/OCTA-FRNet

Primary LanguagePythonMIT LicenseMIT

This repo is the code archive for An Accurate and Efficient Neural Network for OCTA Vessel Segmentation and a New Dataset (ICASSP 2024).

Citation

@misc{ning2023accurate,
      title={An Accurate and Efficient Neural Network for OCTA Vessel Segmentation and a New Dataset}, 
      author={Haojian Ning and Chengliang Wang and Xinrun Chen and Shiying Li},
      year={2023},
      eprint={2309.09483},
      archivePrefix={arXiv},
      primaryClass={eess.IV}
}

FRNet

FRNet is a simple and efficient vessel segmentation network for OCTA images. It can achieve performance close to the SOTA method with only about 100k parameters. The model takes up less than 1MB of storage on the disk.

Run

git clone https://github.com/nhjydywd/OCTA-FRNet
cd OCTA-FRNet
pip install -r requirements.txt
python run_benchmark.py

The current version of the code contains 2 models: FRNet-base and FRNet, and 3 datasets: ROSSA, OCTA_500 (3M) and OCTA_500 (6M).

By running run_benchmark.py, the 2 models on 3 datasets will be trained and evaluated at once (that is, a total of 2x3=6 results).

The results will be saved in json format to the result folder.

The ROSSA Dataset

ROSSA is an retinal OCTA vessel segmentation dataset semi-automatically annotations created by us using Segmentation Anything Model(SAM).

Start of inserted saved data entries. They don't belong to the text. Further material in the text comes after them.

(* Let $D$ be the minimal Dress ring of $\mathbb{R}(X)$. Then: (1) for all $a,b\in D$ with $aD+bD=D$, the element $a^2+b^2$ is a unit of $D$ (so $D$ has square stable range one); (2) for $a=X/(1+X^2)$ and $b=(X^2-1)/(1+X^2)$ one has $a,b\in D$ and $aD+bD=D$, but $a+bz$ is not a unit of $D$ for any $z\in D$ (so $D$ does not have $1$ in the stable range).
   Context: $D$ denotes the minimal Dress ring of the field $\mathbb{R}(X)$, i.e. the subring of $\mathbb{R}(X)$ generated by $\mathbb{Z}$ and all elements $1/(1+h^2)$ with $h\in\mathbb{R}(X)$. *)

theory Defs
  imports "HOL-Computational_Algebra.Polynomial" "HOL-Computational_Algebra.Fraction_Field"
begin

type_synonym ratfun = "real poly fract"

definition X :: ratfun where
  "X = Fract [:0, 1:] 1"

inductive_set dress_min :: "ratfun set" where
  int_mem: "of_int k \<in> dress_min"
| gen_mem: "1 / (1 + h\<^sup>2) \<in> dress_min"
| add_mem: "a \<in> dress_min \<Longrightarrow> b \<in> dress_min \<Longrightarrow> a + b \<in> dress_min"
| neg_mem: "a \<in> dress_min \<Longrightarrow> - a \<in> dress_min"
| mult_mem: "a \<in> dress_min \<Longrightarrow> b \<in> dress_min \<Longrightarrow> a * b \<in> dress_min"

definition unit_in :: "'a::comm_ring_1 set \<Rightarrow> 'a \<Rightarrow> bool" where
  "unit_in R u \<longleftrightarrow> u \<in> R \<and> (\<exists>v\<in>R. u * v = 1)"

definition ideal2 :: "'a::comm_ring_1 set \<Rightarrow> 'a \<Rightarrow> 'a \<Rightarrow> 'a set" where
  "ideal2 R a b = {a * x + b * y | x y. x \<in> R \<and> y \<in> R}"

end

theory Submission
  imports Defs "HOL-Computational_Algebra.Polynomial_Factorial"
    "HOL-Computational_Algebra.Field_as_Ring"
begin

text \<open>Part (1): if \<open>a x + b y = 1\<close>, then with \<open>h = a y - b x\<close> the Brahmagupta identity gives
  \<open>(a\<^sup>2 + b\<^sup>2)(x\<^sup>2 + y\<^sup>2) = 1 + h\<^sup>2\<close>, and \<open>1/(1 + h\<^sup>2)\<close> lies in \<open>D\<close>, so \<open>a\<^sup>2 + b\<^sup>2\<close> is a unit.

  Part (2): every element of \<open>D\<close> is a quotient of real polynomials whose denominator has no
  real root, so it is a continuous function on \<open>\<real>\<close>; a unit of \<open>D\<close> has an inverse of the same
  kind and hence no real zero, so it cannot change sign. But \<open>a + b z\<close> takes the value \<open>1/2\<close>
  at \<open>1\<close> and \<open>-1/2\<close> at \<open>-1\<close>, whatever \<open>z \<in> D\<close> is.\<close>

lemma fract_coprime_rep:
  fixes h :: ratfun
  obtains p q where "h = Fract p q" "q \<noteq> 0" "\<And>t. poly p t = 0 \<Longrightarrow> poly q t \<noteq> 0"
proof -
  obtain p0 q0 where h: "h = Fract p0 q0" "q0 \<noteq> 0" by (cases h) auto
  define g where "g = gcd p0 q0"
  have g0: "g \<noteq> 0" using h(2) by (simp add: g_def)
  obtain p where p: "p0 = g * p" unfolding g_def by (metis gcd_dvd1 dvdE)
  obtain q where q: "q0 = g * q" unfolding g_def by (metis gcd_dvd2 dvdE)
  have "coprime p q"
  proof -
    have "p = p0 div g" "q = q0 div g" using p q g0 by auto
    then show ?thesis using div_gcd_coprime[of p0 q0] h(2) by (simp add: g_def)
  qed
  have "poly q t \<noteq> 0" if "poly p t = 0" for t
  proof
    assume "poly q t = 0"
    then have "[:-t, 1:] dvd q" "[:-t, 1:] dvd p" using that by (metis poly_eq_0_iff_dvd)+
    with \<open>coprime p q\<close> have "is_unit [:-t, 1:]" using coprime_common_divisor by blast
    then show False by (simp add: is_unit_iff_degree)
  qed
  moreover have "h = Fract p q" using h p q g0 by (simp add: mult_fract_cancel)
  moreover have "q \<noteq> 0" using h(2) q by auto
  ultimately show ?thesis using that by blast
qed

lemma one_plus_square_nonzero: "1 + (h::ratfun)\<^sup>2 \<noteq> 0"
proof -
  obtain p q where h: "h = Fract p q" "q \<noteq> 0" "\<And>t. poly p t = 0 \<Longrightarrow> poly q t \<noteq> 0"
    using fract_coprime_rep[of h] by blast
  have "poly (q * q + p * p) 0 \<noteq> 0"
    using h(3)[of 0] by (auto simp add: sum_squares_eq_zero_iff)
  then have "q * q + p * p \<noteq> 0" by (metis poly_0)
  then show ?thesis
    using h(2) by (simp add: h power2_eq_square One_fract_def Zero_fract_def eq_fract algebra_simps)
qed

lemma dress_min_one: "1 \<in> dress_min"
  using dress_min.int_mem[of 1] by simp

lemma dress_min_diff: "a \<in> dress_min \<Longrightarrow> b \<in> dress_min \<Longrightarrow> a - b \<in> dress_min"
  by (metis diff_conv_add_uminus dress_min.add_mem dress_min.neg_mem)

lemma dress_min_unimodular_sum_squares_unit:
  assumes a: "a \<in> dress_min" and b: "b \<in> dress_min" and I: "ideal2 dress_min a b = dress_min"
  shows "unit_in dress_min (a\<^sup>2 + b\<^sup>2)"
proof -
  have "1 \<in> ideal2 dress_min a b" using I dress_min_one by simp
  then obtain x y where x: "x \<in> dress_min" and y: "y \<in> dress_min" and xy: "a * x + b * y = 1"
    unfolding ideal2_def by auto
  define h where "h = a * y - b * x"
  have "(a\<^sup>2 + b\<^sup>2) * (x * x + y * y) = (a * x + b * y)\<^sup>2 + h\<^sup>2"
    by (simp add: h_def power2_eq_square algebra_simps)
  then have "(a\<^sup>2 + b\<^sup>2) * ((x * x + y * y) * (1 / (1 + h\<^sup>2))) = 1"
    using xy one_plus_square_nonzero[of h] by simp
  moreover have "h \<in> dress_min"
    unfolding h_def using a b x y by (intro dress_min_diff dress_min.mult_mem)
  then have "(x * x + y * y) * (1 / (1 + h\<^sup>2)) \<in> dress_min"
    using x y by (intro dress_min.mult_mem dress_min.add_mem dress_min.gen_mem)
  moreover have "a\<^sup>2 + b\<^sup>2 \<in> dress_min"
    unfolding power2_eq_square using a b by (intro dress_min.mult_mem dress_min.add_mem)
  ultimately show ?thesis unfolding unit_in_def by blast
qed

definition pole_free :: "ratfun \<Rightarrow> bool" where
  "pole_free f \<longleftrightarrow> (\<exists>p q. f = Fract p q \<and> (\<forall>t. poly q t \<noteq> 0))"

lemma pole_free_int: "pole_free (of_int k)"
proof -
  have "(of_int k :: ratfun) = Fract (of_int k) 1"
    by (cases k rule: int_cases) (simp_all add: of_nat_fract minus_fract del: of_nat_Suc)
  then show ?thesis unfolding pole_free_def by (intro exI[of _ "of_int k"] exI[of _ 1]) simp
qed

lemma pole_free_inverse_one_plus_square: "pole_free (1 / (1 + h\<^sup>2))"
proof -
  obtain p q where h: "h = Fract p q" "q \<noteq> 0" "\<And>t. poly p t = 0 \<Longrightarrow> poly q t \<noteq> 0"
    using fract_coprime_rep[of h] by blast
  have ne: "poly (q * q + p * p) t \<noteq> 0" for t
    using h(3)[of t] by (auto simp add: sum_squares_eq_zero_iff)
  then have "q * q + p * p \<noteq> 0" by (metis poly_0)
  then have "1 / (1 + h\<^sup>2) = Fract (q * q) (q * q + p * p)"
    using h(2) by (simp add: h power2_eq_square One_fract_def divide_fract_def algebra_simps)
  then show ?thesis unfolding pole_free_def using ne by blast
qed

lemma pole_free_add: "pole_free a \<Longrightarrow> pole_free b \<Longrightarrow> pole_free (a + b)"
  unfolding pole_free_def
  by (clarsimp, metis add_fract mult_eq_0_iff poly_0 poly_mult)

lemma pole_free_minus: "pole_free a \<Longrightarrow> pole_free (- a)"
  unfolding pole_free_def by (metis minus_fract)

lemma pole_free_mult: "pole_free a \<Longrightarrow> pole_free b \<Longrightarrow> pole_free (a * b)"
  unfolding pole_free_def by (clarsimp, metis mult_eq_0_iff poly_mult mult_fract)

lemma dress_min_pole_free: "f \<in> dress_min \<Longrightarrow> pole_free f"
  by (induction rule: dress_min.induct)
    (auto intro: pole_free_int pole_free_inverse_one_plus_square pole_free_add
      pole_free_minus pole_free_mult)

lemma poly_nowhere_zero_same_sign:
  fixes p :: "real poly"
  assumes "\<And>x. poly p x \<noteq> 0"
  shows "0 < poly p s * poly p t"
proof (rule ccontr)
  assume "\<not> 0 < poly p s * poly p t"
  then have "poly p s * poly p t < 0" "poly p t * poly p s < 0"
    using assms[of s] assms[of t] by (auto simp add: not_less order.order_iff_strict mult.commute)
  moreover have "s \<noteq> t" using calculation by auto
  ultimately show False
    using poly_IVT[of s t p] poly_IVT[of t s p] assms by (metis linorder_neq_iff)
qed

lemma fract_eq_poly_sign:
  assumes "Fract p q = Fract n d" "q \<noteq> 0" "d \<noteq> 0"
  shows "poly (p * q) t * (poly d t)\<^sup>2 = poly (n * d) t * (poly q t)\<^sup>2"
proof -
  have "poly p t * poly d t = poly n t * poly q t"
    using assms by (simp add: eq_fract flip: poly_mult)
  then show ?thesis by (simp add: power2_eq_square)
qed

lemma dress_min_unit_sign_constant:
  assumes "unit_in dress_min (Fract n d)" "d \<noteq> 0" "poly d s \<noteq> 0" "poly d t \<noteq> 0"
  shows "0 < poly (n * d) s * poly (n * d) t"
proof -
  obtain v where "Fract n d \<in> dress_min" "v \<in> dress_min" "Fract n d * v = 1"
    using assms(1) unfolding unit_in_def by blast
  then obtain p q r w where pq: "Fract n d = Fract p q" "\<forall>x. poly q x \<noteq> 0"
    and rw: "v = Fract r w" "\<forall>x. poly w x \<noteq> 0" and "Fract p q * Fract r w = 1"
    using dress_min_pole_free unfolding pole_free_def by metis
  moreover have "q \<noteq> 0" "w \<noteq> 0" using pq(2) rw(2) by (metis poly_0)+
  ultimately have "p * r = q * w"
    by (simp add: One_fract_def eq_fract)
  then have "poly (p * q) x \<noteq> 0" for x
    using pq(2) rw(2) by (metis mult_eq_0_iff poly_mult)
  then have "0 < poly (p * q) s * poly (p * q) t"
    by (rule poly_nowhere_zero_same_sign)
  have sq: "poly (p * q) x * (poly d x)\<^sup>2 = poly (n * d) x * (poly q x)\<^sup>2" for x
    using fract_eq_poly_sign[OF pq(1)[symmetric] \<open>q \<noteq> 0\<close> assms(2)] .
  have "0 < poly (p * q) s * poly (p * q) t * ((poly d s)\<^sup>2 * (poly d t)\<^sup>2)"
    using \<open>0 < poly (p * q) s * poly (p * q) t\<close> assms(3,4) by simp
  also have "\<dots> = (poly (p * q) s * (poly d s)\<^sup>2) * (poly (p * q) t * (poly d t)\<^sup>2)"
    by (simp only: ac_simps)
  also have "\<dots> = poly (n * d) s * poly (n * d) t * ((poly q s)\<^sup>2 * (poly q t)\<^sup>2)"
    unfolding sq by (simp only: ac_simps)
  finally have "0 < poly (n * d) s * poly (n * d) t * ((poly q s)\<^sup>2 * (poly q t)\<^sup>2)" .
  moreover have "0 < (poly q s)\<^sup>2 * (poly q t)\<^sup>2" using pq(2) by simp
  ultimately show ?thesis by (rule zero_less_mult_pos2)
qed

lemma numeral_fract: "(numeral n :: 'a::idom fract) = Fract (numeral n) 1"
  by (metis of_nat_fract of_nat_numeral)

lemmas fract_poly_simps = X_def power2_eq_square One_fract_def eq_fract one_pCons numeral_poly numeral_fract

lemma X_over_one_plus_X_square: "X / (1 + X\<^sup>2) = Fract [:0, 1:] [:1, 0, 1:]"
  by (simp add: fract_poly_simps)

lemma X_square_minus_one_over_one_plus_X_square:
  "(X\<^sup>2 - 1) / (1 + X\<^sup>2) = Fract [:-1, 0, 1:] [:1, 0, 1:]"
  by (simp add: fract_poly_simps)

lemma X_over_one_plus_X_square_in_dress_min: "X / (1 + X\<^sup>2) \<in> dress_min"
proof -
  have "X / (1 + X\<^sup>2) = 1 / (1 + ((X - 1) / (X + 1))\<^sup>2) - 1 / (1 + 1\<^sup>2)"
    by (simp add: fract_poly_simps)
  then show ?thesis by (simp only: dress_min_diff dress_min.gen_mem)
qed

lemma X_square_minus_one_over_one_plus_X_square_in_dress_min:
  "(X\<^sup>2 - 1) / (1 + X\<^sup>2) \<in> dress_min"
proof -
  have "(X\<^sup>2 - 1) / (1 + X\<^sup>2) = 1 - (1 / (1 + X\<^sup>2) + 1 / (1 + X\<^sup>2))"
    by (simp add: fract_poly_simps)
  then show ?thesis by (simp only: dress_min_diff dress_min_one dress_min.add_mem dress_min.gen_mem)
qed

lemma ideal2_dress_min_eqI:
  assumes "a \<in> dress_min" "b \<in> dress_min" "x \<in> dress_min" "y \<in> dress_min" "a * x + b * y = 1"
  shows "ideal2 dress_min a b = dress_min"
proof
  show "ideal2 dress_min a b \<subseteq> dress_min"
    unfolding ideal2_def using assms(1,2) by (auto intro: dress_min.add_mem dress_min.mult_mem)
  show "dress_min \<subseteq> ideal2 dress_min a b"
  proof
    fix f assume "f \<in> dress_min"
    have "f = (a * x + b * y) * f" using assms(5) by simp
    also have "\<dots> = a * (x * f) + b * (y * f)" by (simp add: algebra_simps)
    finally have "f = a * (x * f) + b * (y * f)" .
    moreover have "x * f \<in> dress_min" "y * f \<in> dress_min"
      using assms(3,4) \<open>f \<in> dress_min\<close> by (simp_all add: dress_min.mult_mem)
    ultimately show "f \<in> ideal2 dress_min a b"
      unfolding ideal2_def by blast
  qed
qed

lemma witness_ideal2_eq_dress_min:
  "ideal2 dress_min (X / (1 + X\<^sup>2)) ((X\<^sup>2 - 1) / (1 + X\<^sup>2)) = dress_min"
proof (rule ideal2_dress_min_eqI)
  show "4 * (X / (1 + X\<^sup>2)) \<in> dress_min"
    using dress_min.int_mem[of 4] X_over_one_plus_X_square_in_dress_min
    by (metis dress_min.mult_mem of_int_numeral)
  show "X / (1 + X\<^sup>2) * (4 * (X / (1 + X\<^sup>2)))
      + (X\<^sup>2 - 1) / (1 + X\<^sup>2) * ((X\<^sup>2 - 1) / (1 + X\<^sup>2)) = 1"
    unfolding X_over_one_plus_X_square X_square_minus_one_over_one_plus_X_square
    by (simp add: One_fract_def numeral_fract eq_fract numeral_poly)
qed (fact X_over_one_plus_X_square_in_dress_min
    X_square_minus_one_over_one_plus_X_square_in_dress_min)+

lemma Fract_add_mult_Fract_common_denominator:
  fixes x y r c w :: "'a::idom"
  assumes "c \<noteq> 0" "w \<noteq> 0"
  shows "Fract x c + Fract y c * Fract r w = Fract (x * w + y * r) (c * w)"
  using assms by (simp add: eq_fract algebra_simps)

lemma witness_plus_multiple_not_unit:
  assumes "z \<in> dress_min"
  shows "\<not> unit_in dress_min (X / (1 + X\<^sup>2) + (X\<^sup>2 - 1) / (1 + X\<^sup>2) * z)"
proof
  obtain r w where z: "z = Fract r w" and w: "\<forall>x. poly w x \<noteq> 0"
    using dress_min_pole_free[OF assms] unfolding pole_free_def by blast
  then have "w \<noteq> 0" by (metis poly_0)
  define n where "n = [:0, 1:] * w + [:-1, 0, 1:] * r"
  define d where "d = [:1, 0, 1:] * w"
  have "X / (1 + X\<^sup>2) + (X\<^sup>2 - 1) / (1 + X\<^sup>2) * z = Fract n d"
    unfolding z n_def d_def X_over_one_plus_X_square X_square_minus_one_over_one_plus_X_square
    by (rule Fract_add_mult_Fract_common_denominator) (simp_all add: \<open>w \<noteq> 0\<close>)
  moreover assume "unit_in dress_min (X / (1 + X\<^sup>2) + (X\<^sup>2 - 1) / (1 + X\<^sup>2) * z)"
  ultimately have unit: "unit_in dress_min (Fract n d)" by simp
  have d: "poly d (-1) \<noteq> 0" "poly d 1 \<noteq> 0"
    using w by (simp_all add: d_def)
  then have "d \<noteq> 0" by (metis poly_0)
  have "0 < poly (n * d) (-1) * poly (n * d) 1"
    by (rule dress_min_unit_sign_constant[OF unit \<open>d \<noteq> 0\<close> d])
  moreover have "poly (n * d) (-1) = - 2 * (poly w (-1))\<^sup>2" "poly (n * d) 1 = 2 * (poly w 1)\<^sup>2"
    by (simp_all add: n_def d_def power2_eq_square)
  then have "poly (n * d) (-1) \<le> 0" "0 \<le> poly (n * d) 1"
    by simp_all
  ultimately show False
    using mult_nonpos_nonneg by (metis not_le)
qed

theorem mainTheorem10:
  shows "(\<forall>a\<in>dress_min. \<forall>b\<in>dress_min.
            ideal2 dress_min a b = dress_min \<longrightarrow> unit_in dress_min (a\<^sup>2 + b\<^sup>2))
       \<and> (let a = X / (1 + X\<^sup>2); b = (X\<^sup>2 - 1) / (1 + X\<^sup>2) in
            a \<in> dress_min \<and> b \<in> dress_min \<and> ideal2 dress_min a b = dress_min \<and>
            (\<forall>z\<in>dress_min. \<not> unit_in dress_min (a + b * z)))"
  unfolding Let_def
  using dress_min_unimodular_sum_squares_unit X_over_one_plus_X_square_in_dress_min
    X_square_minus_one_over_one_plus_X_square_in_dress_min witness_ideal2_eq_dress_min
    witness_plus_multiple_not_unit
  by blast

end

It contains 918 images, which are stored in the dataset/ROSSA folder of this repo:

train_manual contains 100 images (NO.1-NO.100) that we manually annotated, using as training set.

train_sam contains 618 images (NO.301-NO.918) that are semi-automatically annotated using SAM, also using as training set.

val contains 100 images (NO.101-NO.200) that we manually annotated, , using as validation set.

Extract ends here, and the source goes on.